How pesticides are regulated in the European Union

EFSA and the assessment of active substances

The trade and distribution of plant protection products (PPPs) are regulated by the legislation of the European Union (EU). PPPs may not be placed on the market or used without prior authorisation. The authorisation system includes: 1/ assessment of the active substances used in PPPs, carried out by the European Food Safety Authority (EFSA) and 2/ authorisation of the products by the Member States (MSs) at national level. PPPs are in principle regulated under Regulation (EC) No 1107/2009[1]. All issues related to the legal standards for pesticide residues in food and feed fall within the scope of Regulation (EC) No 396/2005[2].

Assessment of pesticide active substances

PPPs are chemical compounds used to protect crops by destroying or controlling pests or weeds. Active substances (a.s.) – chemicals or micro-organisms – are the main ingredients in the products that provide their effect. Active substances may be approved only if it has been demonstrated that they or their residues have the following characteristics: they do not have any immediate or delayed harmful effect on human or animal health, directly or via drinking water, food, feed or air, or through cumulative or synergistic effects; they do not create exposure in the workplace; they do not have an unacceptable effect on the environment, in particular with regard to non-target species and biodiversity.

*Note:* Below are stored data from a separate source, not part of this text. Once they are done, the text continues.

definition unitary :: "nat \<Rightarrow> complex mat \<Rightarrow> bool" where
  "unitary n U \<longleftrightarrow> U \<in> carrier_mat n n \<and> mat_adj U * U = 1\<^sub>m n \<and> U * mat_adj U = 1\<^sub>m n"

abbreviation real_diag_mat :: "nat \<Rightarrow> (nat \<Rightarrow> real) \<Rightarrow> complex mat" where
  "real_diag_mat n x \<equiv> mat_diag n (\<lambda>i. complex_of_real (x i))"

definition spectral_decomp :: "nat \<Rightarrow> complex mat \<Rightarrow> complex mat \<Rightarrow> (nat \<Rightarrow> real) \<Rightarrow> bool" where
  "spectral_decomp n A U x \<longleftrightarrow> unitary n U \<and> A = U * real_diag_mat n x * mat_adj U"

lemma mat_adj_carrier [simp]: "A \<in> carrier_mat n m \<Longrightarrow> mat_adj A \<in> carrier_mat m n"
  and dim_row_mat_adj [simp]: "dim_row (mat_adj A) = dim_col A"
  and dim_col_mat_adj [simp]: "dim_col (mat_adj A) = dim_row A"
  by (auto simp: mat_adj_def)

lemma index_mat_adj [simp]: "i < dim_col A \<Longrightarrow> j < dim_row A \<Longrightarrow> mat_adj A $$ (i, j) = cnj (A $$ (j, i))"
  by (simp add: mat_adj_def)

lemma mat_adj_mat_adj [simp]: "mat_adj (mat_adj A) = A"
  by (rule eq_matI) (auto simp: mat_adj_def)

lemma index_mult_mat_sum:
  assumes "A \<in> carrier_mat n k" "B \<in> carrier_mat k m" "i < n" "j < m"
  shows "(A * B) $$ (i, j) = (\<Sum>l<k. A $$ (i, l) * B $$ (l, j))"
  using assms by (simp add: scalar_prod_def atLeast0LessThan)

lemma mat_adj_mult:
  assumes A: "A \<in> carrier_mat n k" and B: "B \<in> carrier_mat k m"
  shows "mat_adj (A * B) = mat_adj B * mat_adj A"
proof (rule eq_matI)
  fix i j assume "i < dim_row (mat_adj B * mat_adj A)" "j < dim_col (mat_adj B * mat_adj A)"
  then have i: "i < m" and j: "j < n" using A B by auto
  have "mat_adj (A * B) $$ (i, j) = cnj ((A * B) $$ (j, i))" using A B i j by simp
  also have "\<dots> = cnj (\<Sum>l<k. A $$ (j, l) * B $$ (l, i))"
    using A B i j by (subst index_mult_mat_sum[OF A B]) auto
  also have "\<dots> = (\<Sum>l<k. mat_adj B $$ (i, l) * mat_adj A $$ (l, j))"
    using A B i j by (simp add: mult.commute)
  also have "\<dots> = (mat_adj B * mat_adj A) $$ (i, j)"
    using A B i j by (subst index_mult_mat_sum[of _ m k _ n]) auto
  finally show "mat_adj (A * B) $$ (i, j) = (mat_adj B * mat_adj A) $$ (i, j)" .
qed (use A B in auto)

How does the review process work?

In the EU, a.s. are assessed through a pesticide review system which includes the following steps: 1/ The manufacturer submits an application for approval of an a.s., which must be accompanied by a dossier with the relevant studies. In the dossier, the manufacturer must use harmonised guidance (mainly from the European Commission (EC) or EFSA), which specifies what information and studies must be included, and EFSA guidance is regularly updated; 2/ The appointed Rapporteur Member State (RMS) prepares an initial draft (or renewal) assessment report; 3/ The risk assessment carried out by the Rapporteur Member State is reviewed by EFSA, in cooperation with all MSs – this process includes public and expert consultations; 4/ EFSA prepares a draft conclusion on the a.s., and after its publication the EC decides whether to include it in the EU list of approved a.s. This determines whether the substance may be used in PPPs in the EU. The MSs assess or reassess the safety of PPPs containing a.s. that are sold on their territory; this process is followed by renewal of the approval of the a.s. – substances are approved for a period of 15 years and, before the expiry of this period, the applicant may apply for renewal. The application is submitted to the Rapporteur Member State, which prepares an updated assessment report that is reviewed by EFSA in cooperation with the MSs. The conclusions of the review and consultation process are presented in an EFSA technical report, and further information on the process of reviewing and authorising a.s. and PPPs in the EU is available on the EFSA website: http://www.efsa.europa.eu.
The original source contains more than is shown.